Stored data:
%%
theorem theorem3p2:
  fixes P :: "'v::finite \<Rightarrow> 'l::finite \<Rightarrow> real"
    and U :: "'v \<Rightarrow> nat \<Rightarrow> real" and V :: "'l \<Rightarrow> nat \<Rightarrow> real"
    and \<sigma> :: "nat \<Rightarrow> real" and r k :: nat
    and d :: "nat \<Rightarrow> real" and R :: "nat \<Rightarrow> nat \<Rightarrow> real"
  assumes dist: "is_joint_distribution P"
    and posV: "\<forall>xv. 0 < margV P xv"
    and posL: "\<forall>xl. 0 < margL P xl"
    and r_def: "r = min CARD('v) CARD('l)"
    and svd: "\<forall>xv xl. Ptilde P xv xl = (\<Sum>i<r. U xv i * \<sigma> i * V xl i)"
    and U_on: "orthonormal_cols r U"
    and V_on: "orthonormal_cols r V"
    and \<sigma>_mono: "\<forall>i j. i \<le> j \<longrightarrow> j < r \<longrightarrow> \<sigma> j \<le> \<sigma> i"
    and \<sigma>_nonneg: "\<forall>i<r. 0 \<le> \<sigma> i"
    and k_le: "k \<le> r"
    and d_inv: "\<forall>i<k. d i \<noteq> 0"
    and R_orth: "orthogonal_k k R"
  shows "\<forall>fV fL. L_SCL k P
           (\<lambda>xv j. (1 / sqrt (margV P xv)) * (\<Sum>i<k. U xv i * d i * R i j))
           (\<lambda>xl j. (1 / sqrt (margL P xl)) * (\<Sum>i<k. V xl i * \<sigma> i * (1 / d i) * R i j))
         \<le> L_SCL k P fV fL"
proof (intro allI)
  fix fV fL
  let ?fV = "\<lambda>xv j. (1 / sqrt (margV P xv)) * (\<Sum>i<k. U xv i * d i * R i j)"
  let ?fL = "\<lambda>xl j. (1 / sqrt (margL P xl)) * (\<Sum>i<k. V xl i * \<sigma> i * (1 / d i) * R i j)"
  have optimal: "(\<Sum>j<k. (sqrt (margV P x) * ?fV x j) * (sqrt (margL P y) * ?fL y j))
      = (\<Sum>i<k. U x i * \<sigma> i * V y i)" for x y
  proof -
    have "(\<Sum>j<k. (sqrt (margV P x) * ?fV x j) * (sqrt (margL P y) * ?fL y j))
        = inner_k k (\<lambda>j. \<Sum>i<k. (U x i * d i) * R i j) (\<lambda>j. \<Sum>i<k. (V y i * \<sigma> i * (1 / d i)) * R i j)"
      using posV[rule_format, of x] posL[rule_format, of y] by (simp add: inner_k_def)
    also have "\<dots> = (\<Sum>i<k. (U x i * d i) * (V y i * \<sigma> i * (1 / d i)))"
      by (rule inner_k_orthogonal_k[OF R_orth])
    also have "\<dots> = (\<Sum>i<k. U x i * \<sigma> i * V y i)"
      using d_inv by (intro sum.cong refl) simp
    finally show ?thesis .
  qed
  have residual: "Ptilde P x y - (\<Sum>i<k. U x i * \<sigma> i * V y i) = (\<Sum>i\<in>{k..<r}. U x i * \<sigma> i * V y i)" for x y
    using svd sum_lessThan_split[OF k_le, of "\<lambda>i. U x i * \<sigma> i * V y i"] by simp
  have "L_SCL k P ?fV ?fL = (\<Sum>i\<in>{k..<r}. (\<sigma> i)\<^sup>2) - (\<Sum>x\<in>UNIV. \<Sum>y\<in>UNIV. (Ptilde P x y)\<^sup>2)"
    unfolding L_SCL_eq_approx_error[OF posV[rule_format] posL[rule_format]] optimal residual
    using sum_sq_svd_terms[OF U_on V_on, of "{k..<r}" \<sigma>] by (simp add: subset_iff)
  also have "\<dots> \<le> L_SCL k P fV fL"
    unfolding L_SCL_eq_approx_error[OF posV[rule_format] posL[rule_format]]
    using eckart_young_lower_bound[OF U_on V_on k_le, of \<sigma> "\<lambda>x j. sqrt (margV P x) * fV x j"
        "\<lambda>y j. sqrt (margL P y) * fL y j"] \<sigma>_mono \<sigma>_nonneg svd
    by simp
  finally show "L_SCL k P ?fV ?fL \<le> L_SCL k P fV fL" .
qed
text \<open>Stalkwise isomorphism: a (not necessarily natural) family of linear isomorphisms of stalks.\<close>

definition stalkwise_iso :: "('a::topological_space, 'k, 'v::ab_group_add) sheaf \<Rightarrow> ('a, 'k, 'w::ab_group_add) sheaf
    \<Rightarrow> ('a \<Rightarrow> ('a set \<times> 'v) set \<Rightarrow> ('a set \<times> 'w) set) \<Rightarrow> bool" where
  "stalkwise_iso S S' \<Phi> \<longleftrightarrow> (\<forall>x. stalk_lin_iso S S' x (\<Phi> x))"

text \<open>Deviation
  upsilon(Phi)^U_yx = G_{y in U}^-1 Phi_y^-1 F_{y in U} F_{x in U}^-1 Phi_x G_{x in U},
  as a map on G(U); the stalk restriction S_{x in U} is s \<mapsto> germ S x U s.\<close>

definition deviation :: "('a::topological_space, 'k, 'v::ab_group_add) sheaf \<Rightarrow> ('a, 'k, 'w::ab_group_add) sheaf
    \<Rightarrow> ('a \<Rightarrow> ('a set \<times> 'v) set \<Rightarrow> ('a set \<times> 'w) set) \<Rightarrow> 'a set \<Rightarrow> 'a \<Rightarrow> 'a \<Rightarrow> 'v \<Rightarrow> 'v" where
  "deviation G F \<Phi> U y x s =
     inv_into (sec G U) (germ G y U)
       (inv_into (stalk G y) (\<Phi> y)
         (germ F y U
           (inv_into (sec F U) (germ F x U)
             (\<Phi> x (germ G x U s)))))"

definition stalk_map :: "('a::topological_space, 'k, 'v) sheaf \<Rightarrow> ('a, 'k, 'w) sheaf
    \<Rightarrow> ('a set \<Rightarrow> 'v \<Rightarrow> 'w) \<Rightarrow> 'a \<Rightarrow> ('a set \<times> 'v) set \<Rightarrow> ('a set \<times> 'w) set" where
  "stalk_map S S' T x a = (THE b. \<exists>U s. open U \<and> x \<in> U \<and> s \<in> sec S U \<and>
       a = germ S x U s \<and> b = germ S' x U (T U s))"

end

theory Submission
  imports Defs
begin

(*
  On a connected open set W that is simple for G, F and F', taking germs at any point z of W is a
  bijection from the sections over W onto the stalk at z. Read through these bijections, the
  hypothesis on deviations says that the stalk isomorphisms theta_z = Psi_z Phi_z^-1 : F_z -> F'_z do
  not depend on z in W; hence theta maps sections of F over W germwise to sections of F' over W.
  Since X is locally connected, such sets W form a basis, so by gluing theta maps sections to
  sections over every open set, and so does its inverse. A stalkwise isomorphism with this property
  is induced by a unique sheaf isomorphism T, and T_x Phi_x = Psi_x says exactly that T_x = theta_x.
*)

lemma is_sheafD:
  assumes "is_sheaf S"
  shows "vector_space (scl S)"
    and "\<forall>U. open U \<longrightarrow> module.subspace (scl S) (sec S U)"
    and "\<forall>U V. open U \<and> open V \<and> V \<subseteq> U \<longrightarrow>
        (\<forall>s\<in>sec S U. res S U V s \<in> sec S V) \<and>
        (\<forall>s\<in>sec S U. \<forall>t\<in>sec S U. res S U V (s + t) = res S U V s + res S U V t) \<and>
        (\<forall>c. \<forall>s\<in>sec S U. res S U V (scl S c s) = scl S c (res S U V s))"
    and "\<forall>U V W. open U \<and> open V \<and> open W \<and> W \<subseteq> V \<and> V \<subseteq> U \<longrightarrow>
        (\<forall>s\<in>sec S U. res S V W (res S U V s) = res S U W s)"
    and "\<forall>U \<C>. open U \<and> (\<forall>V\<in>\<C>. open V) \<and> \<Union>\<C> = U \<longrightarrow>
        (\<forall>s\<in>sec S U. \<forall>t\<in>sec S U. (\<forall>V\<in>\<C>. res S U V s = res S U V t) \<longrightarrow> s = t)"
    and "\<forall>U \<C> f. open U \<and> (\<forall>V\<in>\<C>. open V) \<and> \<Union>\<C> = U \<and> (\<forall>V\<in>\<C>. f V \<in> sec S V) \<and>
        (\<forall>V\<in>\<C>. \<forall>W\<in>\<C>. res S V (V \<inter> W) (f V) = res S W (V \<inter> W) (f W)) \<longrightarrow>
        (\<exists>s\<in>sec S U. \<forall>V\<in>\<C>. res S U V s = f V)"
  using assms unfolding is_sheaf_def by - (elim conjE, assumption)+

lemma sheaf_res_in_sec:
  "is_sheaf S \<Longrightarrow> open U \<Longrightarrow> open V \<Longrightarrow> V \<subseteq> U \<Longrightarrow> s \<in> sec S U \<Longrightarrow> res S U V s \<in> sec S V"
  by (meson is_sheafD(3))

lemma sheaf_res_add:
  "is_sheaf S \<Longrightarrow> open U \<Longrightarrow> open V \<Longrightarrow> V \<subseteq> U \<Longrightarrow> s \<in> sec S U \<Longrightarrow> t \<in> sec S U \<Longrightarrow>
   res S U V (s + t) = res S U V s + res S U V t"
  by (meson is_sheafD(3))

lemma sheaf_res_scale:
  "is_sheaf S \<Longrightarrow> open U \<Longrightarrow> open V \<Longrightarrow> V \<subseteq> U \<Longrightarrow> s \<in> sec S U \<Longrightarrow>
   res S U V (scl S c s) = scl S c (res S U V s)"
  by (meson is_sheafD(3))

lemma sheaf_res_res:
  "is_sheaf S \<Longrightarrow> open U \<Longrightarrow> open V \<Longrightarrow> open W \<Longrightarrow> W \<subseteq> V \<Longrightarrow> V \<subseteq> U \<Longrightarrow> s \<in> sec S U \<Longrightarrow>
   res S V W (res S U V s) = res S U W s"
  by (meson is_sheafD(4))

lemma sheaf_locality:
  "is_sheaf S \<Longrightarrow> open U \<Longrightarrow> \<forall>V\<in>\<C>. open V \<Longrightarrow> \<Union>\<C> = U \<Longrightarrow> s \<in> sec S U \<Longrightarrow> t \<in> sec S U \<Longrightarrow>
   \<forall>V\<in>\<C>. res S U V s = res S U V t \<Longrightarrow> s = t"
  by (meson is_sheafD(5))

lemma sheaf_gluing:
  "is_sheaf S \<Longrightarrow> open U \<Longrightarrow> \<forall>V\<in>\<C>. open V \<Longrightarrow> \<Union>\<C> = U \<Longrightarrow> \<forall>V\<in>\<C>. f V \<in> sec S V \<Longrightarrow>
   \<forall>V\<in>\<C>. \<forall>W\<in>\<C>. res S V (V \<inter> W) (f V) = res S W (V \<inter> W) (f W) \<Longrightarrow>
   \<exists>s\<in>sec S U. \<forall>V\<in>\<C>. res S U V s = f V"
  by (drule is_sheafD(6)) blast

lemma sheaf_add_in_sec: "is_sheaf S \<Longrightarrow> open U \<Longrightarrow> s \<in> sec S U \<Longrightarrow> t \<in> sec S U \<Longrightarrow> s + t \<in> sec S U"
  by (metis is_sheafD(1,2) module.subspace_add module_iff_vector_space)

lemma sheaf_scale_in_sec: "is_sheaf S \<Longrightarrow> open U \<Longrightarrow> s \<in> sec S U \<Longrightarrow> scl S c s \<in> sec S U"
  by (metis is_sheafD(1,2) module.subspace_scale module_iff_vector_space)

lemma sheaf_res_eq_mono:
  assumes "is_sheaf S" "open U" "open U'" "open W" "open W'" "W' \<subseteq> W" "W \<subseteq> U" "W \<subseteq> U'"
    and "s \<in> sec S U" "s' \<in> sec S U'" "res S U W s = res S U' W s'"
  shows "res S U W' s = res S U' W' s'"
  by (metis assms sheaf_res_res)

lemma sheaf_hom_on_in_sec: "sheaf_hom_on W S S' T \<Longrightarrow> open V \<Longrightarrow> V \<subseteq> W \<Longrightarrow> s \<in> sec S V \<Longrightarrow> T V s \<in> sec S' V"
  unfolding sheaf_hom_on_def by simp

lemma sheaf_hom_on_res:
  "sheaf_hom_on W S S' T \<Longrightarrow> open V \<Longrightarrow> open V' \<Longrightarrow> V' \<subseteq> V \<Longrightarrow> V \<subseteq> W \<Longrightarrow> s \<in> sec S V \<Longrightarrow>
   T V' (res S V V' s) = res S' V V' (T V s)"
  unfolding sheaf_hom_on_def by simp

lemma sheaf_iso_on_bij: "sheaf_iso_on W S S' T \<Longrightarrow> open V \<Longrightarrow> V \<subseteq> W \<Longrightarrow> bij_betw (T V) (sec S V) (sec S' V)"
  unfolding sheaf_iso_on_def by simp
%%
DIRECTIONS FOR THIS TASK – When a line of the records includes "exists", that line belongs in the answer.

RESPONSE TO THIS TASK –
  "stalk_map S S' T x a = (THE b. \<exists>U s. open U \<and> x \<in> U \<and> s \<in> sec S U \<and>
        (\<exists>s\<in>sec S U. \<forall>V\<in>\<C>. res S U V s = f V)"
   \<exists>s\<in>sec S U. \<forall>V\<in>\<C>. res S U V s = f V"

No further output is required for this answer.